Dataset entries
☆ ☆ ☆ ☆ ☆
lemma PhiX0_subspace:
  assumes "\<And>k. seq.subspace (Ys k)"
  shows "triple.subspace (PhiX0 Ys)"
  unfolding triple.subspace_def
proof (intro conjI ballI allI)
  show "0 \<in> PhiX0 Ys"
    using assms by (simp add: PhiX0_iff seq.subspace_0)
  fix \<eta> \<mu> assume "\<eta> \<in> PhiX0 Ys" "\<mu> \<in> PhiX0 Ys"
  moreover have "(\<eta> + \<mu>) I1 + (\<eta> + \<mu>) I2 + (\<eta> + \<mu>) I3 = (\<eta> I1 + \<eta> I2 + \<eta> I3) + (\<mu> I1 + \<mu> I2 + \<mu> I3)"
    by (simp add: algebra_simps)
  ultimately show "\<eta> + \<mu> \<in> PhiX0 Ys"
    using assms by (simp add: PhiX0_iff seq.subspace_add)
next
  fix \<eta> c assume "\<eta> \<in> PhiX0 Ys"
  moreover have "scaleK c (\<eta> I1) + scaleK c (\<eta> I2) + scaleK c (\<eta> I3) = scaleK c (\<eta> I1 + \<eta> I2 + \<eta> I3)"
    by (simp add: seq.scale_right_distrib)
  ultimately show "scaleT c \<eta> \<in> PhiX0 Ys"
    using assms by (simp add: PhiX0_iff seq.subspace_scale scaleT_def)
qed

lemma Hp_PhiX0_subspace:
  assumes "\<And>k. seq.subspace (Ys k)"
  shows "triple.subspace (Hp Ys k \<inter> PhiX0 Ys)"
proof -
  have "Hp Ys k \<inter> PhiX0 Ys = PhiX0 Ys \<inter> {\<eta>. \<eta> k = 0}"
    by (auto simp: Hp_Int_PhiX0)
  then show ?thesis
    using triple.subspace_inter[OF PhiX0_subspace[of Ys, OF assms]
        module_hom.subspace_kernel[OF module_hom_coordinate]]
    by simp
qed

lemma Gp_PhiX0_subspace:
  assumes "\<And>k. seq.subspace (Ys k)" "seq.subspace (Xs k)"
  shows "triple.subspace (Gp Xs Ys k \<inter> PhiX0 Ys)"
proof -
  have "Gp Xs Ys k \<inter> PhiX0 Ys = PhiX0 Ys \<inter> (\<lambda>\<eta>. \<eta> k) -` Xs k"
    by (auto simp: Gp_Int_PhiX0)
  then show ?thesis
    using triple.subspace_inter[OF PhiX0_subspace[of Ys, OF assms(1)]
        module_hom.subspace_vimage[OF module_hom_coordinate assms(2)]]
    by simp
qed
☆ ☆ ☆ ☆ ☆
Lines that contain "auto" are the result; find them in the entries above and copy each one.

    by (auto simp: Hp_Int_PhiX0)
    by (auto simp: Gp_Int_PhiX0)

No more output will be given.